I think it is called empathy.
I do not hide the fact that shitty parents/ child abusers WILL make me mad.
Also who the fuck an act indifferent towards dog fuckers?
Come on dude. People can only detach so much before something makes them mad.

When someone posts something not to my liking I tend to keep it pushing.


----------



## lolnah (Feb 3, 2022)

Ultimately I have the right to shit on your bad grammar. Are you ESL?


----------



## NerdShamer (Feb 3, 2022)

KimCoppolaAficionado said:


> Care to put your money where your mouth is, faggot?
> 2200 EST, 05/28/2020, 4210 Wolfetown Rd, Cherokee, NC 28719
> Bring as many of your cowardly friends as you want; I'll go to prison, but all of you will go to the morgue.

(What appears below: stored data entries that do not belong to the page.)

lemma
  fixes \<psi> :: "nat \<Rightarrow> 'a::euclidean_space \<Rightarrow> real"
  assumes p: "p > 0"
    and phi_finite: "finite {k \<in> int_lattice. coef_phi \<phi> T k \<noteq> 0}"
    and psi_finite: "\<And>j. finite {(i, k) \<in> {1..2^DIM('a) - 1} \<times> int_lattice. coef_psi \<psi> T j i k \<noteq> 0}"
    and level_le: "\<And>j. besov_level_sum \<psi> s p T j \<le> K * a j"
    and K: "0 \<le> K" and a: "\<And>j. 0 \<le> a j"
  shows besov_p_infinity_if_level_sum_le: "bdd_above (range a) \<Longrightarrow> besov \<phi> \<psi> s (ennreal p) \<infinity> T"
    and besov_p_q_if_level_sum_le:
      "q > 0 \<Longrightarrow> summable (\<lambda>j. a j powr (q / p)) \<Longrightarrow> besov \<phi> \<psi> s (ennreal p) (ennreal q) T"
proof -
  note iff = besov_ennreal_iff[OF p phi_finite psi_finite]
  have level_nonneg: "0 \<le> besov_level_sum \<psi> s p T j" for j
    unfolding besov_level_sum_def by (intro infsum_nonneg) auto
  show "besov \<phi> \<psi> s (ennreal p) \<infinity> T" if bdd: "bdd_above (range a)"
  proof -
    obtain B where "\<And>j. a j \<le> B"
      using bdd unfolding bdd_above_def by auto
    then have "besov_level_sum \<psi> s p T j \<le> K * B" for j
      using level_le[of j] mult_left_mono[OF _ K] by (meson order_trans)
    then have "bdd_above (range (besov_level_sum \<psi> s p T))"
      by (rule bdd_aboveI2)
    then show ?thesis
      using iff by simp
  qed
  show "besov \<phi> \<psi> s (ennreal p) (ennreal q) T"
    if q: "q > 0" and sum_a: "summable (\<lambda>j. a j powr (q / p))"
  proof -
    have "summable (\<lambda>j. besov_level_sum \<psi> s p T j powr (q / p))"
    proof (rule summable_comparison_test')
      show "summable (\<lambda>j. K powr (q / p) * a j powr (q / p))"
        using sum_a by (rule summable_mult)
      fix j
      have "besov_level_sum \<psi> s p T j powr (q / p) \<le> (K * a j) powr (q / p)"
        using level_le level_nonneg p q by (intro powr_mono2) auto
      also have "\<dots> = K powr (q / p) * a j powr (q / p)"
        using K a by (simp add: powr_mult)
      finally show "norm (besov_level_sum \<psi> s p T j powr (q / p)) \<le> K powr (q / p) * a j powr (q / p)"
        by simp
    qed
    then show ?thesis
      using iff q by simp
  qed
qed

Idk, A&H feels fine to me.


----------



## Exigent Circumcisions (Feb 4, 2022)

Oliveoil said:


> Also who the fuck an act indifferent towards dog fuckers?

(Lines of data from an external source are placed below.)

(* Let $\mathcal X$ be a proper CAT(0) cube complex on which $G$ acts properly and cocompactly. Let $Y_1,Y_2$ be convex subcomplexes of $\mathcal X$ and let $G_i=\mathrm{Stab}_G(Y_i)$, and suppose $G_i$ acts cocompactly on $Y_i$ for $i=1,2$. Then $G_1$ and $G_2$ are commensurable if and only if the $G_1$-essential core $\widehat{Y_1}$ and the $G_2$-essential core $\widehat{Y_2}$ are parallel.
   Context: Two convex subcomplexes are parallel if exactly the same hyperplanes intersect them. A hyperplane $H$ crossing a convex subcomplex $F$ is $G'$-essential (for $G'$ preserving $F$) if for any $0$-cube $x\in F$, each halfspace of $H$ contains points of $G'x$ arbitrarily far from $H$; $G'$ acts essentially on $F$ if every hyperplane crossing $F$ is $G'$-essential. If $G'$ acts cocompactly on $F$, the $G'$-essential core $\widehat F_{G'}$ is a $G'$-invariant convex subcomplex of $F$ at finite Hausdorff distance from $F$, crossed exactly by the hyperplanes essential in $F$, on which $G'$ acts essentially and cocompactly (Caprace–Sageev); it is well defined up to parallelism. Subgroups are commensurable if their intersection has finite index in each. *)

theory Defs
  imports "HOL-Algebra.Coset"
begin

text \<open>A CAT(0) cube complex is modelled by its 1-skeleton, a median graph
 (Chepoi/Roller/Gerasimov). Vertices = 0-cubes = the whole type 'v,
 adjacency E. Convex subcomplexes = (nonempty) geodesically convex vertex sets;
 hyperplanes = Djokovic-Winkler classes of (oriented) edges; halfspaces =
 the sets W(a,b) of vertices closer to a than to b.\<close>

definition walk :: "('v \<Rightarrow> 'v \<Rightarrow> bool) \<Rightarrow> 'v list \<Rightarrow> bool" where
  "walk E p \<longleftrightarrow> p \<noteq> [] \<and> (\<forall>i. Suc i < length p \<longrightarrow> E (p ! i) (p ! Suc i))"

definition gconnected :: "('v \<Rightarrow> 'v \<Rightarrow> bool) \<Rightarrow> bool" where
  "gconnected E \<longleftrightarrow> (\<forall>x y. \<exists>p. walk E p \<and> hd p = x \<and> last p = y)"

definition gdist :: "('v \<Rightarrow> 'v \<Rightarrow> bool) \<Rightarrow> 'v \<Rightarrow> 'v \<Rightarrow> nat" where
  "gdist E x y = (LEAST n. \<exists>p. walk E p \<and> hd p = x \<and> last p = y \<and> length p = Suc n)"

definition interval :: "('v \<Rightarrow> 'v \<Rightarrow> bool) \<Rightarrow> 'v \<Rightarrow> 'v \<Rightarrow> 'v set" where
  "interval E x y = {z. gdist E x z + gdist E z y = gdist E x y}"

definition median_graph :: "('v \<Rightarrow> 'v \<Rightarrow> bool) \<Rightarrow> bool" where
  "median_graph E \<longleftrightarrow> (\<forall>x y. E x y \<longrightarrow> E y x) \<and> (\<forall>x. \<not> E x x) \<and> gconnected E \<and>
     (\<forall>x y z. \<exists>!m. m \<in> interval E x y \<inter> interval E y z \<inter> interval E x z)"

text \<open>Proper (locally finite) complex.\<close>
definition locally_finite :: "('v \<Rightarrow> 'v \<Rightarrow> bool) \<Rightarrow> bool" where
  "locally_finite E \<longleftrightarrow> (\<forall>x. finite {y. E x y})"

definition convex_sub :: "('v \<Rightarrow> 'v \<Rightarrow> bool) \<Rightarrow> 'v set \<Rightarrow> bool" where
  "convex_sub E S \<longleftrightarrow> S \<noteq> {} \<and> (\<forall>x\<in>S. \<forall>y\<in>S. interval E x y \<subseteq> S)"

text \<open>Djokovic-Winkler relation and hyperplanes (as sets of oriented edges).\<close>
definition Theta :: "('v \<Rightarrow> 'v \<Rightarrow> bool) \<Rightarrow> 'v \<times> 'v \<Rightarrow> 'v \<times> 'v \<Rightarrow> bool" where
  "Theta E e f = (case e of (a,b) \<Rightarrow> case f of (c,d) \<Rightarrow>
      gdist E a c + gdist E b d \<noteq> gdist E a d + gdist E b c)"

definition hyp_of :: "('v \<Rightarrow> 'v \<Rightarrow> bool) \<Rightarrow> 'v \<Rightarrow> 'v \<Rightarrow> ('v \<times> 'v) set" where
  "hyp_of E a b = {(c,d). E c d \<and> Theta E (a,b) (c,d)}"

definition hyperplanes :: "('v \<Rightarrow> 'v \<Rightarrow> bool) \<Rightarrow> ('v \<times> 'v) set set" where
  "hyperplanes E = {hyp_of E a b | a b. E a b}"

definition halfspace :: "('v \<Rightarrow> 'v \<Rightarrow> bool) \<Rightarrow> 'v \<Rightarrow> 'v \<Rightarrow> 'v set" where
  "halfspace E a b = {x. gdist E x a < gdist E x b}"

definition crosses :: "('v \<times> 'v) set \<Rightarrow> 'v set \<Rightarrow> bool" where
  "crosses H F \<longleftrightarrow> (\<exists>a b. (a,b) \<in> H \<and> a \<in> F \<and> b \<in> F)"

definition parallel :: "('v \<Rightarrow> 'v \<Rightarrow> bool) \<Rightarrow> 'v set \<Rightarrow> 'v set \<Rightarrow> bool" where
  "parallel E F1 F2 \<longleftrightarrow> (\<forall>H\<in>hyperplanes E. crosses H F1 \<longleftrightarrow> crosses H F2)"

text \<open>Distance from a vertex to a set of vertices (used for distance of a point
 of one halfspace from the hyperplane, measured as distance to the opposite halfspace).\<close>
definition setdist :: "('v \<Rightarrow> 'v \<Rightarrow> bool) \<Rightarrow> 'v \<Rightarrow> 'v set \<Rightarrow> nat" where
  "setdist E x S = (LEAST n. \<exists>y\<in>S. gdist E x y = n)"

definition graph_action :: "('g, 'm) monoid_scheme \<Rightarrow> ('v \<Rightarrow> 'v \<Rightarrow> bool) \<Rightarrow> ('g \<Rightarrow> 'v \<Rightarrow> 'v) \<Rightarrow> bool" where
  "graph_action G E \<phi> \<longleftrightarrow> group G \<and> \<phi> \<one>\<^bsub>G\<^esub> = id \<and>
     (\<forall>g\<in>carrier G. \<forall>h\<in>carrier G. \<phi> (g \<otimes>\<^bsub>G\<^esub> h) = \<phi> g \<circ> \<phi> h) \<and>
     (\<forall>g\<in>carrier G. bij (\<phi> g) \<and> (\<forall>x y. E x y \<longleftrightarrow> E (\<phi> g x) (\<phi> g y)))"

text \<open>Proper action: for every finite set of vertices K (compact sets meet finitely
 many cubes of a locally finite complex), only finitely many g move K to meet K.\<close>
definition proper_action :: "('g, 'm) monoid_scheme \<Rightarrow> ('g \<Rightarrow> 'v \<Rightarrow> 'v) \<Rightarrow> bool" where
  "proper_action G \<phi> \<longleftrightarrow> (\<forall>K. finite K \<longrightarrow> finite {g\<in>carrier G. \<phi> g ` K \<inter> K \<noteq> {}})"

text \<open>Cocompact action of the subgroup G' on the G'-invariant subcomplex F:
 finitely many G'-orbits of vertices of F (equivalent for locally finite complexes).\<close>
definition cocompact_on :: "'g set \<Rightarrow> ('g \<Rightarrow> 'v \<Rightarrow> 'v) \<Rightarrow> 'v set \<Rightarrow> bool" where
  "cocompact_on G' \<phi> F \<longleftrightarrow> (\<forall>g\<in>G'. \<phi> g ` F = F) \<and>
     (\<exists>K. finite K \<and> K \<subseteq> F \<and> F \<subseteq> (\<Union>g\<in>G'. \<phi> g ` K))"

definition Stab :: "('g, 'm) monoid_scheme \<Rightarrow> ('g \<Rightarrow> 'v \<Rightarrow> 'v) \<Rightarrow> 'v set \<Rightarrow> 'g set" where
  "Stab G \<phi> Y = {g\<in>carrier G. \<phi> g ` Y = Y}"

definition commensurable :: "('g, 'm) monoid_scheme \<Rightarrow> 'g set \<Rightarrow> 'g set \<Rightarrow> bool" where
  "commensurable G H K \<longleftrightarrow>
     finite (rcosets\<^bsub>G\<lparr>carrier := H\<rparr>\<^esub> (H \<inter> K)) \<and>
     finite (rcosets\<^bsub>G\<lparr>carrier := K\<rparr>\<^esub> (H \<inter> K))"

text \<open>Since H contains both
 orientations of each of its edges, both halfspaces are covered.\<close>
definition essential_hyp :: "('v \<Rightarrow> 'v \<Rightarrow> bool) \<Rightarrow> 'g set \<Rightarrow> ('g \<Rightarrow> 'v \<Rightarrow> 'v) \<Rightarrow> 'v set
    \<Rightarrow> ('v \<times> 'v) set \<Rightarrow> bool" where
  "essential_hyp E G' \<phi> F H \<longleftrightarrow> crosses H F \<and>
     (\<forall>(a,b)\<in>H. \<forall>x\<in>F. \<forall>n::nat. \<exists>g\<in>G'. \<phi> g x \<in> halfspace E a b \<and>
         n \<le> setdist E (\<phi> g x) (halfspace E b a))"

definition acts_essentially :: "('v \<Rightarrow> 'v \<Rightarrow> bool) \<Rightarrow> 'g set \<Rightarrow> ('g \<Rightarrow> 'v \<Rightarrow> 'v) \<Rightarrow> 'v set \<Rightarrow> bool" where
  "acts_essentially E G' \<phi> F \<longleftrightarrow>
     (\<forall>H\<in>hyperplanes E. crosses H F \<longrightarrow> essential_hyp E G' \<phi> F H)"

definition finite_hausdorff :: "('v \<Rightarrow> 'v \<Rightarrow> bool) \<Rightarrow> 'v set \<Rightarrow> 'v set \<Rightarrow> bool" where
  "finite_hausdorff E A B \<longleftrightarrow> (\<exists>r. (\<forall>x\<in>A. \<exists>y\<in>B. gdist E x y \<le> r) \<and> (\<forall>y\<in>B. \<exists>x\<in>A. gdist E x y \<le> r))"

text \<open>Z is a G'-essential core of F (well defined up to parallelism).\<close>
definition essential_core :: "('v \<Rightarrow> 'v \<Rightarrow> bool) \<Rightarrow> 'g set \<Rightarrow> ('g \<Rightarrow> 'v \<Rightarrow> 'v) \<Rightarrow> 'v set \<Rightarrow> 'v set \<Rightarrow> bool" where
  "essential_core E G' \<phi> F Z \<longleftrightarrow> convex_sub E Z \<and> Z \<subseteq> F \<and> (\<forall>g\<in>G'. \<phi> g ` Z = Z) \<and>
     finite_hausdorff E Z F \<and>
     (\<forall>H\<in>hyperplanes E. crosses H Z \<longleftrightarrow> essential_hyp E G' \<phi> F H) \<and>
     acts_essentially E G' \<phi> Z \<and> cocompact_on G' \<phi> Z"

end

Right? We should be applauding them.


----------



## Leslie Nielsen (Feb 4, 2022)

People getting personally asshurt and holier than thou on the farms isn't some new phenomenon. Why do you think all those rules exist. And you've never seen BP if you think these complaints you're making are unique to A&N. Shit, the politsperg sticker exists because oldfags can't post in a thread without writing a novel about the history of the American left and right.


----------



## WhatIsThePunchline (Feb 4, 2022)

All communities eventually stagnate. Rot is inevitable.

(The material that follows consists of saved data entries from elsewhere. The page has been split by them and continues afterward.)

(* Let $\tau_1(\mathbf X)$ be the lifetime of a coherent system whose component lifetimes $X_1,\dots,X_n$ are (possibly dependent) identically distributed as $X$, with domination function $h_1$, i.e. $\bar F_{\tau_1(\mathbf X)}(x)=h_1(\bar F_X(x))$; and let $\tau_2(\mathbf Y)$ be the lifetime of a coherent system whose component lifetimes $Y_1,\dots,Y_m$ are identically distributed as $Y$, with domination function $h_2$, i.e. $\bar F_{\tau_2(\mathbf Y)}(x)=h_2(\bar F_Y(x))$. For $p\in(0,1)$ set $R_i(p)=(1-p)h_i'(p)/(1-h_i(p))$, $i=1,2$. Suppose that (i) $R_1(p)$ and $R_1(p)/R_2(p)$ are increasing in $p\in(0,1)$; (ii) $pR_1'(p)/R_1(p)$ or $pR_2'(p)/R_2(p)$ is decreasing in $p\in(0,1)$; (iii) $X\underset{b}{\prec}Y$ and $X\le_{hr}Y$. Then $\tau_1(\mathbf X)\underset{b}{\prec}\tau_2(\mathbf Y)$.
   Context: All random variables are non-negative and absolutely continuous with support $[0,\infty)$. For a random variable $W$: density $f_W$, cdf $F_W$, survival $\bar F_W=1-F_W$, hazard rate $r_W=f_W/\bar F_W$, reversed hazard rate $\tilde r_W=f_W/F_W$. $X\le_{hr}Y$ means $\bar F_Y(x)/\bar F_X(x)$ is increasing in $x$. $X\underset{b}{\prec}Y$ ($X$ ages faster than $Y$ in reversed failure rate) means $\tilde r_X(x)/\tilde r_Y(x)$ is decreasing in $x\ge0$. For a coherent system with identically distributed (possibly dependent) components with common distribution that of $X$, the system reliability is $h(\bar F_X(x))$ for a domination function $h:[0,1]\to[0,1]$ (depending on structure and survival copula), increasing, continuous, $h(0)=0$, $h(1)=1$, assumed differentiable as needed. "Increasing" means non-decreasing, "decreasing" means non-increasing. *)

theory Defs
  imports "HOL-Analysis.Analysis"
begin

definition lifetime_dist :: "(real \<Rightarrow> real) \<Rightarrow> (real \<Rightarrow> real) \<Rightarrow> bool" where
  "lifetime_dist F f \<longleftrightarrow>
     (\<forall>x\<le>0. F x = 0) \<and> (\<forall>x>0. 0 < F x \<and> F x < 1) \<and> continuous_on UNIV F \<and>
     (\<forall>x>0. (F has_real_derivative f x) (at x)) \<and> (\<forall>x. 0 \<le> f x) \<and>
     (F \<longlongrightarrow> 1) at_top"

definition survival :: "(real \<Rightarrow> real) \<Rightarrow> real \<Rightarrow> real" where
  "survival F x = 1 - F x"

definition hazard_rate :: "(real \<Rightarrow> real) \<Rightarrow> (real \<Rightarrow> real) \<Rightarrow> real \<Rightarrow> real" where
  "hazard_rate F f x = f x / survival F x"

definition rev_hazard_rate :: "(real \<Rightarrow> real) \<Rightarrow> (real \<Rightarrow> real) \<Rightarrow> real \<Rightarrow> real" where
  "rev_hazard_rate F f x = f x / F x"

definition hr_order :: "(real \<Rightarrow> real) \<Rightarrow> (real \<Rightarrow> real) \<Rightarrow> bool" where
  "hr_order FX FY \<longleftrightarrow> mono_on {0..} (\<lambda>x. survival FY x / survival FX x)"

text \<open>X ages faster than Y in reversed failure rate: rhr_X / rhr_Y decreasing
 (on x > 0, where the reversed hazard rates are defined).\<close>
definition ages_faster_rfr ::
  "(real \<Rightarrow> real) \<Rightarrow> (real \<Rightarrow> real) \<Rightarrow> (real \<Rightarrow> real) \<Rightarrow> (real \<Rightarrow> real) \<Rightarrow> bool" where
  "ages_faster_rfr FX fX FY fY \<longleftrightarrow>
     antimono_on {0<..} (\<lambda>x. rev_hazard_rate FX fX x / rev_hazard_rate FY fY x)"

definition domination_fun :: "(real \<Rightarrow> real) \<Rightarrow> bool" where
  "domination_fun h \<longleftrightarrow> mono_on {0..1} h \<and> continuous_on {0..1} h \<and> h 0 = 0 \<and> h 1 = 1
     \<and> h ` {0..1} \<subseteq> {0..1}"

end

theory Submission
  imports Defs
begin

Also the whining about A&H is dumb. 'Oh no, people post newspaper articles about politics. That's so much dumber than my one thousand page thread about some guy who's a fat narcissist.'


----------



## NerdShamer (Feb 4, 2022)

Leslie Nielsen said:


> People getting personally asshurt and holier than thou on the farms isn't some new phenomenon.


Just look at Null, if you want an example.


----------



## The Crow (Feb 4, 2022)

"Pride comes before the fall".


----------



## El Goblina (Feb 4, 2022)

Proverbs 8:13: To fear Yahweh is to hate evil: pride, and arrogancy, and the evil way, and the froward mouth, do I hate.


----------



## thegooddoctor (Feb 6, 2022)

NerdShamer said:


> Just look at Null, if you want an example.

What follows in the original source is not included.